Among the specification characteristics as a steel sheet for cans, the surface roughness resistance, the joint characteristics of the welded portion, and the like are significantly improved. Furthermore, the addition of Mn lowers the recrystallization temperature in the annealing step after cold rolling, and alleviates operating conditions, although the detailed mechanism is still unknown, but is presumed to be due to uniform coarsening of precipitates. The effect of being able to do so became clear. Such an effect becomes remarkable when the added amount of Mn is about 0.50% or more. However, when the added amount exceeds 2.50%, the hot-rolled base sheet is extremely hardened and cold rolling becomes extremely difficult. Therefore, in the present invention, the amount of added Mn is set to 0.50% to 2.50% by weight.

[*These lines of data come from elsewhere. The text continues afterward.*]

lemma eventually_least_slope_minimal_at_right:
  fixes c e :: "'a \<Rightarrow> real"
  assumes "finite A"
    and min0: "\<forall>I\<in>A. c I0 * x0 + e I0 \<le> c I * x0 + e I"
    and least: "\<forall>I\<in>A. c I * x0 + e I = c I0 * x0 + e I0 \<longrightarrow> c I0 \<le> c I"
  shows "\<forall>\<^sub>F x in at_right x0. \<forall>I\<in>A.
           c I0 * x + e I0 \<le> c I * x + e I \<and> (c I * x + e I = c I0 * x + e I0 \<longrightarrow> c I = c I0)"
proof (rule eventually_ball_finite[OF \<open>finite A\<close>], rule ballI)
  fix I assume "I \<in> A"
  show "\<forall>\<^sub>F x in at_right x0.
          c I0 * x + e I0 \<le> c I * x + e I \<and> (c I * x + e I = c I0 * x + e I0 \<longrightarrow> c I = c I0)"
  proof (cases "c I * x0 + e I = c I0 * x0 + e I0")
    case True
    have diff: "c I * x + e I - (c I0 * x + e I0) = (c I - c I0) * (x - x0)" for x
      using True by (simp add: algebra_simps)
    have "c I0 \<le> c I" using least True \<open>I \<in> A\<close> by blast
    show ?thesis
    proof (rule eventually_mono[OF eventually_at_right_less], intro conjI impI)
      fix x assume "x0 < x"
      then have "0 \<le> (c I - c I0) * (x - x0)" using \<open>c I0 \<le> c I\<close> by simp
      then show "c I0 * x + e I0 \<le> c I * x + e I" using diff[of x] by simp
      show "c I * x + e I = c I0 * x + e I0 \<Longrightarrow> c I = c I0"
        using diff[of x] \<open>x0 < x\<close> by simp
    qed
  next
    case False
    then have "0 < c I * x0 + e I - (c I0 * x0 + e I0)" using min0 \<open>I \<in> A\<close> by force
    moreover have "((\<lambda>x. c I * x + e I - (c I0 * x + e I0)) \<longlongrightarrow> c I * x0 + e I - (c I0 * x0 + e I0)) (at_right x0)"
      by (intro tendsto_intros)
    ultimately have "\<forall>\<^sub>F x in at_right x0. 0 < c I * x + e I - (c I0 * x + e I0)"
      using order_tendstoD(1) by blast
    then show ?thesis by (rule eventually_mono) auto
  qed
qed
lemma dot_step:
  assumes "col_sqnorm m Y t > 0"
  shows "dot m v (\<lambda>k. u k + (w t - q) * Y k t)
       = dot m (proj_off t v) u + (quant_input u t - q) * dot m v (\<lambda>k. Y k t)"
proof -
  have "(\<Sum>k<m. Y k t * u k) = dot m (\<lambda>k. Y k t) u"
    by (simp add: dot_def)
  then show ?thesis
    unfolding proj_off_def dot_add_scaled_right dot_diff_scaled_left quant_input_def
    using assms by (simp add: field_simps dot_commute)
qed

lemma dot_proj_off_self:
  assumes "col_sqnorm m Y t > 0"
  shows "dot m (proj_off t v) (proj_off t v)
       = dot m v v - (dot m v (\<lambda>k. Y k t))\<^sup>2 / col_sqnorm m Y t"
proof -
  define a where "a = dot m v (\<lambda>k. Y k t)"
  define S where "S = col_sqnorm m Y t"
  have P: "proj_off t v = (\<lambda>k. v k - a / S * Y k t)"
    unfolding proj_off_def a_def S_def ..
  have "dot m (proj_off t v) v = dot m v v - a / S * a"
    unfolding P dot_diff_scaled_left a_def by (simp add: dot_commute)
  moreover have "dot m (proj_off t v) (\<lambda>k. Y k t) = 0"
    using assms unfolding P dot_diff_scaled_left a_def S_def col_sqnorm_eq_dot by simp
  moreover have "dot m (proj_off t v) (proj_off t v)
      = dot m (proj_off t v) v - a / S * dot m (proj_off t v) (\<lambda>k. Y k t)"
    by (subst (2) P) (rule dot_diff_scaled_right)
  ultimately show ?thesis
    by (simp add: a_def S_def power2_eq_square)
qed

Si: about 0.200% by weight or less Si has a solid solution strengthening ability larger than other alloying elements and is an element that one wants to use as much as possible. Is remarkable, the upper limit of the addition amount is regulated.
The upper limit of the level at which there is no problem in the surface treatment properties of a surface-treated steel sheet, particularly a steel sheet for cans, is 0.200% or less. Therefore,
In the present invention, the amount of Si added is set to 0.200% or less by weight.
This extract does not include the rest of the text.